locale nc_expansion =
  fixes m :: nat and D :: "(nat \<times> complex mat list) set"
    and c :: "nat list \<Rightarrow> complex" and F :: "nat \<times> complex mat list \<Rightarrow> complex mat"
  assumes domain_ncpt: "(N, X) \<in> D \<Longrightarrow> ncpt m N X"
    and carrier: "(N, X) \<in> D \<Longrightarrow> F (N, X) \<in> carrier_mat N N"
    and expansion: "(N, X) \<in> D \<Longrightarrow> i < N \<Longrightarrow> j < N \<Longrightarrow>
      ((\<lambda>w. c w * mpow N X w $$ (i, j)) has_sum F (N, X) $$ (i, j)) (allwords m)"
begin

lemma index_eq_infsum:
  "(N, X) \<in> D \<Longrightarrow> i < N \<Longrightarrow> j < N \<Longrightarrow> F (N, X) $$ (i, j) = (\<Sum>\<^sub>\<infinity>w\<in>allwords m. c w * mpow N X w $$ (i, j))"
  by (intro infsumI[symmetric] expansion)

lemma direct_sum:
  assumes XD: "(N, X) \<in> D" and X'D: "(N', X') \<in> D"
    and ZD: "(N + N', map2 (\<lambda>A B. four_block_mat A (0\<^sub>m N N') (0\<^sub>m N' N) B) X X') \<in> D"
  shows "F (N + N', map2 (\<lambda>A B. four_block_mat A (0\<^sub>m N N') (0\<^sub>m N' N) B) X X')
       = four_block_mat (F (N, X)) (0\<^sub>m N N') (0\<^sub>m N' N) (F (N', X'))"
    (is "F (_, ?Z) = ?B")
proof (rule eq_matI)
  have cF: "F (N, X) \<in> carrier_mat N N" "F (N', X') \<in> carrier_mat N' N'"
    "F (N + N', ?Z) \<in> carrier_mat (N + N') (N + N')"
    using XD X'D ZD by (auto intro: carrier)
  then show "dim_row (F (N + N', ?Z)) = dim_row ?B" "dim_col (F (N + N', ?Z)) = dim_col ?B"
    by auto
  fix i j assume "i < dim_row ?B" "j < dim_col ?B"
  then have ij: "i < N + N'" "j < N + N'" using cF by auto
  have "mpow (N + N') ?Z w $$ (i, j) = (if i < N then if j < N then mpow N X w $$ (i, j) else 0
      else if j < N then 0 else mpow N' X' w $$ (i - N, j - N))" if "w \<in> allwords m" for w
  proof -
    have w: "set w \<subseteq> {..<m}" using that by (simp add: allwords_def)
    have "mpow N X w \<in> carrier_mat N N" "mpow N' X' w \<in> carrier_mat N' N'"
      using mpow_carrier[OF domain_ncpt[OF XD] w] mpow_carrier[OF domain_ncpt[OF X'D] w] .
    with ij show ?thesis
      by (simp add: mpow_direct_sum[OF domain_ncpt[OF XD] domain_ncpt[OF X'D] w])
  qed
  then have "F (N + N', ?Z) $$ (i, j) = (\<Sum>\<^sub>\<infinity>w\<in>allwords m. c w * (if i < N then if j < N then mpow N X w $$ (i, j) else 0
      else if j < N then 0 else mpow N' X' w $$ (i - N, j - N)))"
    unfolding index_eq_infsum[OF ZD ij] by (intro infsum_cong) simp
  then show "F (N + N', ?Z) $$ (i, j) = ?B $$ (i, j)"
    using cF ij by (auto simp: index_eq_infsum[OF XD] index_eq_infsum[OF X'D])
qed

___

Prompt => Everything from the first line of the listing above through the line holding "D \<Longrightarrow> F" must be retyped exactly; nothing else belongs in the reply.

Output for this task =>
locale nc_expansion =
  fixes m :: nat and D :: "(nat \<times> complex mat list) set"
    and c :: "nat list \<Rightarrow> complex" and F :: "nat \<times> complex mat list \<Rightarrow> complex mat"
  assumes domain_ncpt: "(N, X) \<in> D \<Longrightarrow> ncpt m N X"
    and carrier: "(N, X) \<in> D \<Longrightarrow> F (N, X) \<in> carrier_mat N N"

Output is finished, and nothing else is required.